このうち「法人事業税」は、法人税の課税標準に準じた所得額によって計算されますので、赤字の場合は課税されません。
一方、「法人住民税」は、「法人税割」と「均等割」で構成されており、赤字の場合は「法人税割」は課税されませんが、「均等割」は、資本金等の額と事業所の従業員数によって課されるため、たとえ損益が赤字であっても課税されます。
金額は自治体によって異なりますが、最低額で見ても、7万円(都道府県:2万円、市町村:5万円)程度がかかります。
FX事業を法人化すると、損金繰り越しや経費拡大など、大きなメリットを得られます。しかし、そのメリットを最大限享受できるようにするためには、法人化するタイミングを見極めなければなりません。
ここではFX事業の法人化に適しているタイミングの目安を解説します。
法人化するのに最適なタイミングを知るには、利益がプラスになるポイントである損益分岐点の見極めが重要です。
個人事業主の場合と異なり、法人には所得税(支払った役員報酬分のみ)と法人税がかかります。役員報酬にかかる所得税には、個人事業主には適用できない「給与所得控除」が適用でき、大幅に課税所得額を減らすことが出来ます。同時に役員報酬で支払った分は、一定条件を満たせば損金として会社の経費に算入できるので法人税の節税にもなるでしょう。
また法人税は所得税より累進性が低く、かつ個人事業主の場合よりも多くの経費項目が存在しているので、これらを十分に活用できれば個人事業主の場合よりも法人化した方が節税できるといえます。
上記を考慮すると、一般的に事業所得600万がそのボーダーとされています。
ただし法人化に適したタイミングは、事業の状況など個々のケースで異なるので、自己判断せずに、税理士に相談するのがおすすめです。
課税売上高が1,000万円を超えるタイミングを目安に法人化すると、2年間は消費税免税事業者になれます。
個人事業主の場合、2年前の課税売上高が1,000万円を超えると消費税課税事業者になります。ここでポイントになるのは「2年前と現在の事業形態」です。
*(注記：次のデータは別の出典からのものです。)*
(* Let $L,n$ be positive integers. As maps on $\mathcal M(L,n)$, the operators $e_i^\star$ ($1\le i\le L-1$) satisfy: (i) $(e_i^\star)^2=e_i^\star$; (ii) $e_i^\star e_j^\star=e_j^\star e_i^\star$ whenever $|i-j|\ge2$; (iii) $e_i^\star e_{i+1}^\star e_i^\star=e_{i+1}^\star e_i^\star e_{i+1}^\star$ for $1\le i\le L-2$.
   Context: $\mathcal M(L,n)$ is the set of tuples $B=(B_1,\dots,B_L)$ of subsets of $[n]$, drawn as an $L\times n$ grid with rows $1..L$ bottom to top, columns $1..n$ left to right, a ball in cell $(r,j)$ iff $j\in B_r$. The column word $\mathrm{cw}(B)$ scans columns left to right, each column top to bottom, recording row numbers of balls. For a word $w$ and $i\ge1$, $\mathrm{Par}_i(w)$ is obtained by reading $w$ left to right, writing "(" for each letter $i+1$ and ")" for each letter $i$, and iteratively matching a "(" with a ")" to its right whenever they are adjacent or only matched parentheses lie between them; letters whose parentheses remain unmatched are unmatched. The operator $e_i^\star$ moves every ball of row $i+1$ whose letter $i+1$ in $\mathrm{cw}(B)$ is unmatched in $\mathrm{Par}_i(\mathrm{cw}(B))$ down to the (necessarily empty) cell of row $i$ in the same column. Products of operators denote composition acting right to left. *)

theory Defs
  imports Main
begin

text \<open>A ball configuration B = (B_1,...,B_L) is represented as a function
  B :: nat => nat set, where B r is the set of columns of row r.
  Rows outside 1..L are required to be empty.\<close>

definition Mset :: "nat \<Rightarrow> nat \<Rightarrow> (nat \<Rightarrow> nat set) set" where
  "Mset L n = {B. (\<forall>r. B r \<subseteq> {1..n}) \<and> (\<forall>r. r \<notin> {1..L} \<longrightarrow> B r = {})}"

text \<open>Column word, each letter tagged with its column (position data):
  columns left to right, each column top to bottom (rows decreasing).\<close>

definition cw :: "nat \<Rightarrow> nat \<Rightarrow> (nat \<Rightarrow> nat set) \<Rightarrow> (nat \<times> nat) list" where
  "cw L n B = concat (map (\<lambda>j. map (\<lambda>r. (r, j)) (filter (\<lambda>r. j \<in> B r) (rev [1..<L+1]))) [1..<n+1])"

text \<open>Bracket matching Par_i: letter i+1 is "(", letter i is ")".\<close>

fun par_step :: "nat \<Rightarrow> nat list \<Rightarrow> nat \<times> nat \<Rightarrow> nat list" where
  "par_step i st (a, j) =
     (if a = i + 1 then j # st
      else if a = i then (case st of [] \<Rightarrow> [] | _ # st' \<Rightarrow> st')
      else st)"

definition unmatched_open :: "nat \<Rightarrow> (nat \<times> nat) list \<Rightarrow> nat set" where
  "unmatched_open i w = set (foldl (par_step i) [] w)"

definition estar :: "nat \<Rightarrow> nat \<Rightarrow> nat \<Rightarrow> (nat \<Rightarrow> nat set) \<Rightarrow> (nat \<Rightarrow> nat set)" where
  "estar L n i B =
     (let U = unmatched_open i (cw L n B)
      in B(i := B i \<union> U, i + 1 := B (i + 1) - U))"

end

theory Submission
  imports Defs
begin

text \<open>The column word determines the configuration, and \<open>e\<^sub>i\<^sup>\<star>\<close> acts on it
  letter by letter: read from the right, a letter \<open>i+1\<close> is lowered to \<open>i\<close> exactly when
  no unmatched letter \<open>i\<close> follows it. So the three relations are identities between operators
  on words, which follow by induction on the word once one tracks how many letters \<open>i\<close>
  (and \<open>i+1\<close>) of each suffix remain unmatched.\<close>

fun unmatched_close_count :: "nat \<Rightarrow> (nat \<times> nat) list \<Rightarrow> nat" where
  "unmatched_close_count i [] = 0"
| "unmatched_close_count i ((a, j) # w) =
     (if a = i then Suc (unmatched_close_count i w)
      else if a = Suc i then unmatched_close_count i w - 1
      else unmatched_close_count i w)"
lemma abs_pmf_weighted_sum2_le:
  fixes P :: "'a::finite pmf" and Q :: "'b::finite pmf"
  assumes "\<And>x y. \<bar>f x y\<bar> \<le> c"
  shows "\<bar>\<Sum>x\<in>UNIV. \<Sum>y\<in>UNIV. pmf P x * pmf Q y * f x y\<bar> \<le> c"
  using abs_pmf_weighted_sum_le[of "\<lambda>x. \<Sum>y\<in>UNIV. pmf Q y * f x y" c P]
    abs_pmf_weighted_sum_le[of "f _" c Q] assms
  by (simp add: sum_distrib_left mult.assoc)

definition mixed_payoff :: "('x::finite \<Rightarrow> 'y \<Rightarrow> real) \<Rightarrow> 'x pmf \<Rightarrow> 'y \<Rightarrow> real" where
  "mixed_payoff \<phi> \<tau> y = (\<Sum>x\<in>UNIV. pmf \<tau> x * \<phi> x y)"

lemma sum_pmf_pmf_mixed_payoff:
  fixes \<phi> :: "'x::finite \<Rightarrow> 'y::finite \<Rightarrow> real"
  shows "(\<Sum>x\<in>UNIV. \<Sum>y\<in>UNIV. pmf P x * pmf Q y * (a * \<phi> x y + g y)) =
    (\<Sum>y\<in>UNIV. pmf Q y * (a * mixed_payoff \<phi> P y + g y))"
proof -
  have inner: "(\<Sum>x\<in>UNIV. pmf P x * (a * \<phi> x y + g y)) = a * mixed_payoff \<phi> P y + g y" for y
  proof -
    have "(\<Sum>x\<in>UNIV. pmf P x * (a * \<phi> x y + g y)) =
        a * (\<Sum>x\<in>UNIV. pmf P x * \<phi> x y) + g y * (\<Sum>x\<in>UNIV. pmf P x)"
      by (simp add: sum.distrib sum_distrib_left algebra_simps)
    then show ?thesis
      by (simp add: mixed_payoff_def sum_pmf_eq_1)
  qed
  show ?thesis
    by (subst sum.swap) (simp add: sum_distrib_left mult_ac flip: inner)
qed

lemma pmf_mix:
  assumes "p \<in> {0..1}"
  shows "pmf (mix p \<tau>1 \<tau>2) x = p * pmf \<tau>1 x + (1 - p) * pmf \<tau>2 x"
  using assms by (simp add: mix_def pmf_bind mult.commute)
lemma C4_saturated_degree_bounds:
  fixes p c \<epsilon> :: real
  assumes p: "0 < p" "p \<le> 1" and c: "0 \<le> c"
    and n: "3 / p * ln (real n) + 1 \<le> \<epsilon> * real n / 2" "1 \<le> ln (real n)"
      "ln (real n) * ln (real n) \<le> 4 * real n"
    and E: "E \<in> set_pmf (Gnp n p)" and dense: "locally_dense p n E"
    and cross: "many_cross_edges (nat \<lfloor>3 / p * ln (real n)\<rfloor> + 1) (\<epsilon> * real n / 2) (c * real n) n E"
  shows "\<forall>S \<subseteq> {0..<n}. real (card S) \<ge> \<epsilon> * real n \<longrightarrow>
      (\<forall>F Ht. F \<subseteq> Ht \<and> Ht \<subseteq> induced_edges E S \<and>
              real (card (induced_edges E S - Ht)) \<le> c * real n \<and>
              C4_saturated_in F Ht \<longrightarrow>
        real (card {v \<in> S. degree F v = 0}) \<le> of_int \<lfloor>3 / p * ln (real n)\<rfloor> \<and>
        real (card {v \<in> S. degree F v = 1})
          \<le> (2 * c + 250 / p\<^sup>2) * (sqrt (real (card F)) * ln (real n) + real n / ln (real n)))"
proof (intro allI impI conjI; elim conjE)
  fix S F H
  assume S: "S \<subseteq> {0..<n}" "\<epsilon> * real n \<le> real (card S)"
    and "F \<subseteq> H" and H: "H \<subseteq> induced_edges E S"
    and removed: "real (card (induced_edges E S - H)) \<le> c * real n" and sat: "C4_saturated_in F H"
  interpret C4_saturated_subgraph n E S H F
    using set_pmf_Gnp E S(1) H sat by unfold_locales auto
  let ?k = "nat \<lfloor>3 / p * ln (real n)\<rfloor> + 1"
  show "real (card {v \<in> S. degree F v = 0}) \<le> of_int \<lfloor>3 / p * ln (real n)\<rfloor>"
  proof -
    have fl: "0 \<le> \<lfloor>3 / p * ln (real n)\<rfloor>"
      using p n(2) by simp
    have "real ?k \<le> 3 / p * ln (real n) + 1"
      using fl by linarith
    then have "real ?k + \<epsilon> * real n / 2 \<le> real (card S)"
      using n(1) S(2) by linarith
    then have "card {v \<in> S. degree F v = 0} < ?k"
      using card_isolated_less[OF cross] removed unfolding removed_def by blast
    then show ?thesis
      using fl by linarith
  qed
  show "real (card {v \<in> S. degree F v = 1})
      \<le> (2 * c + 250 / p\<^sup>2) * (sqrt (real (card F)) * ln (real n) + real n / ln (real n))"
  proof -
    let ?s = "sqrt (real (card F))" and ?l = "ln (real n)"
    have bound: "sparse_set_bound p n \<Delta> = (16 * ?l + 8 * \<Delta>) * (1 / p) + 1" for \<Delta>
      by (simp add: sparse_set_bound_def)
    have "real (card {v \<in> S. degree F v = 1}) \<le> 2 * real (card removed) / ?l
        + 2 * ?s * ((16 * ?l + 8 * ?l) * (1 / p) + 1)
        + ((16 * ?l + 8 * (?l + 1 + ?s * ((16 * ?l + 8 * ?l) * (1 / p) + 1))) * (1 / p) + 1)"
      using card_leaves_le[OF dense p(1), of ?l] n(2) unfolding leaves_def bound by simp
    also have "\<dots> \<le> (2 * c + 250 * (1 / p)\<^sup>2) * (?s * ?l + real n / ?l)"
      using removed p n(2,3) c unfolding removed_def by (intro leaf_bound_arith) auto
    finally show ?thesis
      by (simp add: power_one_over)
  qed
qed

theorem lemma11:
  fixes p c \<epsilon> :: real
  assumes "0 < p" "p < 1" "c > 0" "\<epsilon> > 0"
  shows "\<exists>K > 0. whp p (\<lambda>n E.
    \<forall>S \<subseteq> {0..<n}. real (card S) \<ge> \<epsilon> * real n \<longrightarrow>
      (\<forall>F Ht. F \<subseteq> Ht \<and> Ht \<subseteq> induced_edges E S \<and>
              real (card (induced_edges E S - Ht)) \<le> c * real n \<and>
              C4_saturated_in F Ht \<longrightarrow>
        real (card {v \<in> S. degree F v = 0}) \<le> of_int \<lfloor>3 / p * ln (real n)\<rfloor> \<and>
        real (card {v \<in> S. degree F v = 1})
          \<le> K * (sqrt (real (card F)) * ln (real n) + real n / ln (real n))))"
proof -
  let "\<exists>K>0. whp p (?degree_bounds K)" = ?thesis
  let ?K = "2 * c + 250 / p\<^sup>2"
  have "\<forall>\<^sub>F n in sequentially. 3 / p * ln (real n) + 1 \<le> \<epsilon> * real n / 2"
    "\<forall>\<^sub>F n in sequentially. 1 \<le> ln (real n)"
    "\<forall>\<^sub>F n in sequentially. ln (real n) * ln (real n) \<le> 4 * real n"
    using assms by real_asymp+
  then have eventually_bounds: "\<forall>\<^sub>F n in sequentially. \<forall>E \<in> set_pmf (Gnp n p).
      locally_dense p n E \<longrightarrow>
      many_cross_edges (nat \<lfloor>3 / p * ln (real n)\<rfloor> + 1) (\<epsilon> * real n / 2) (c * real n) n E \<longrightarrow>
      ?degree_bounds ?K n E"
    by eventually_elim (intro ballI impI C4_saturated_degree_bounds; use assms in simp)
  have "whp p (?degree_bounds ?K)"
    by (rule whp_if_eventually_implied[OF eventually_bounds prob_not_locally_dense_tendsto_0
          prob_not_many_cross_edges_tendsto_0]) (use assms in auto)
  moreover have "0 < ?K"
    using assms by (simp add: add_pos_pos)
  ultimately show ?thesis
    by blast
qed

end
2年前は個人事業主で現在は法人の場合、課税売上高の額に関わらず、事業形態の異なる別人格として扱われます。つまり法人化1年目は、その2年前には法人ではないため、消費税納税事業者の判断材料となる課税売上高はゼロです。同じく法人化2年目も、その2年前には法人ではないため、消費税免税事業者となります。
FX事業を法人化する際には、トラブルを避けたり法人事業としてスムーズに進めたりするために、次のような気を付けたいポイントがあります。
ここではこの4つについて、順番に解説していきます。
副業禁止の会社に勤めているサラリーマンは、FX法人からの役員報酬をもらわないことをおすすめします。
サラリーマンが2ヶ所以上から所得がある場合、総所得が増える=住民税が増えることになります。サラリーマンの住民税は、給与から天引きされるのが基本です。そのため、会社の給与分よりも多い額の住民税が給与から天引きされ、会社以外からも所得を得ていることがバレてしまう可能性があります。
FX法人に限らず、副業を禁止している会社は注意が必要です。
法人化する場合、資本金は100万円以上1,000万円未満にするのがおすすめです。
資本金額を明示しているFX業者は多くはないため、1円からでもFX法人化は可能です。しかし銀行口座開設の審査に通ることを考えた場合、銀行口座開設の最低資本金額として明示されているケースの多い100万円を資本金として用意するとよいでしょう。
また資本金額を1,000万円以上にすると、法人化1年目から消費税納税事業者となってしまうだけではなく、法人住民税も高くなってしまいます。法人の節税効果を活かすためにも、資本金は1,000万円未満に抑えましょう。
FX法人の会社名には、「FX」を入れないのがおすすめです。
後で別の事業にも参入する場合や、FX事業を辞めて別の事業に変更する場合にも、そのままの会社名を使用できます。また銀行口座開設の審査などの場面では、会社名に「FX」が入っていると、信用の低い会社だと映ってしまうこともあります。
法人を設立する場合、定款に法人の事業目的や組織などを明記しなければいけません。この事業目的には、「FX」以外の事業も複数記載しておきましょう。
法人事業に関わる場面では、定款の謄本の提出を求められることがあります。このときにFX事業しか記載されていないと、提出先の信用を得にくいことがあるのです。
また「FX」以外の事業を行う場合、費用をかけて後から定款に事業目的を追加するよりも、最初から将来を見越して複数の事業目的を記載しておくといいでしょう。